> What you will do:
In the data that follows, every line containing the word "begin" should be returned.

> The data:
(* Let $v,a,b,c\in\mathbb{C}$ with $\Re(v)<3$, $\Re(c)>0$, and $\Re(vc+a+b)>0$, $\Re(vc+a-b)>0$, $\Re(vc-a+b)>0$, $\Re(vc-a-b)>0$. Put $\sigma_3=\frac v2-\frac{a}{2c}-\frac{b}{2c}$, $\sigma_4=\frac v2-\frac{a}{2c}+\frac{b}{2c}$, $\sigma_5=\frac v2+\frac{a}{2c}+\frac{b}{2c}$, $\sigma_6=\frac v2+\frac{a}{2c}-\frac{b}{2c}$, $P=(vc-a-b)(vc+a+b)(vc-a+b)(vc+a-b)$, and assume $\frac v2\notin\mathbb{Z}_0^-$, $1+\sigma_j\notin\mathbb{Z}_0^-$ ($j=3,4,5,6$). Then $$ \int_0^\infty\frac{\sinh(ax)\sinh(bx)}{\sinh^{v}(cx)}\,dx=\frac{2^{v+1}\,v\,a\,b\,c}{P}\;{}_6F_5\!\left(\begin{matrix}v,\ 1+\frac v2,\ \sigma_3,\ \sigma_5,\ \sigma_4,\ \sigma_6\\ \frac v2,\ 1+\sigma_3,\ 1+\sigma_5,\ 1+\sigma_4,\ 1+\sigma_6\end{matrix};\,1\right). $$
   Context: $\mathbb{Z}_0^-=\{0,-1,-2,\dots\}$. The Pochhammer symbol is $(\lambda)_0=1$, $(\lambda)_n=\lambda(\lambda+1)\cdots(\lambda+n-1)$ for $n\ge1$. The generalized hypergeometric series is ${}_pF_q\!\left(\begin{matrix}\alpha_1,\dots,\alpha_p\\ \beta_1,\dots,\beta_q\end{matrix};z\right)=\sum_{n=0}^\infty\frac{(\alpha_1)_n\cdots(\alpha_p)_n}{(\beta_1)_n\cdots(\beta_q)_n}\frac{z^n}{n!}$ (with no $\beta_j\in\mathbb{Z}_0^-$); when $p=q+1$ and $z=1$ it converges if $\Re(\sum\beta_j-\sum\alpha_i)>0$. For $\Re(c)>0$ and $x>0$, the complex power $\sinh^{v}(cx)$ means $2^{-v}e^{vcx}(1-e^{-2cx})^{v}$, with the principal branch of $(1-e^{-2cx})^{v}$ (this agrees with the ordinary real power when $c>0$ and $v$ is real). *)

theory Defs
  imports "HOL-Analysis.Analysis" "HOL-Library.Nonpos_Ints"
begin

definition hypergeom :: "complex list \<Rightarrow> complex list \<Rightarrow> complex \<Rightarrow> complex" where
  "hypergeom as bs z =
     (\<Sum>n. (\<Prod>a\<leftarrow>as. pochhammer a n) / (\<Prod>b\<leftarrow>bs. pochhammer b n) * z ^ n / fact n)"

> Answer for this exercise:
(* Let $v,a,b,c\in\mathbb{C}$ with $\Re(v)<3$, $\Re(c)>0$, and $\Re(vc+a+b)>0$, $\Re(vc+a-b)>0$, $\Re(vc-a+b)>0$, $\Re(vc-a-b)>0$. Put $\sigma_3=\frac v2-\frac{a}{2c}-\frac{b}{2c}$, $\sigma_4=\frac v2-\frac{a}{2c}+\frac{b}{2c}$, $\sigma_5=\frac v2+\frac{a}{2c}+\frac{b}{2c}$, $\sigma_6=\frac v2+\frac{a}{2c}-\frac{b}{2c}$, $P=(vc-a-b)(vc+a+b)(vc-a+b)(vc+a-b)$, and assume $\frac v2\notin\mathbb{Z}_0^-$, $1+\sigma_j\notin\mathbb{Z}_0^-$ ($j=3,4,5,6$). Then $$ \int_0^\infty\frac{\sinh(ax)\sinh(bx)}{\sinh^{v}(cx)}\,dx=\frac{2^{v+1}\,v\,a\,b\,c}{P}\;{}_6F_5\!\left(\begin{matrix}v,\ 1+\frac v2,\ \sigma_3,\ \sigma_5,\ \sigma_4,\ \sigma_6\\ \frac v2,\ 1+\sigma_3,\ 1+\sigma_5,\ 1+\sigma_4,\ 1+\sigma_6\end{matrix};\,1\right). $$
   Context: $\mathbb{Z}_0^-=\{0,-1,-2,\dots\}$. The Pochhammer symbol is $(\lambda)_0=1$, $(\lambda)_n=\lambda(\lambda+1)\cdots(\lambda+n-1)$ for $n\ge1$. The generalized hypergeometric series is ${}_pF_q\!\left(\begin{matrix}\alpha_1,\dots,\alpha_p\\ \beta_1,\dots,\beta_q\end{matrix};z\right)=\sum_{n=0}^\infty\frac{(\alpha_1)_n\cdots(\alpha_p)_n}{(\beta_1)_n\cdots(\beta_q)_n}\frac{z^n}{n!}$ (with no $\beta_j\in\mathbb{Z}_0^-$); when $p=q+1$ and $z=1$ it converges if $\Re(\sum\beta_j-\sum\alpha_i)>0$. For $\Re(c)>0$ and $x>0$, the complex power $\sinh^{v}(cx)$ means $2^{-v}e^{vcx}(1-e^{-2cx})^{v}$, with the principal branch of $(1-e^{-2cx})^{v}$ (this agrees with the ordinary real power when $c>0$ and $v$ is real). *)
begin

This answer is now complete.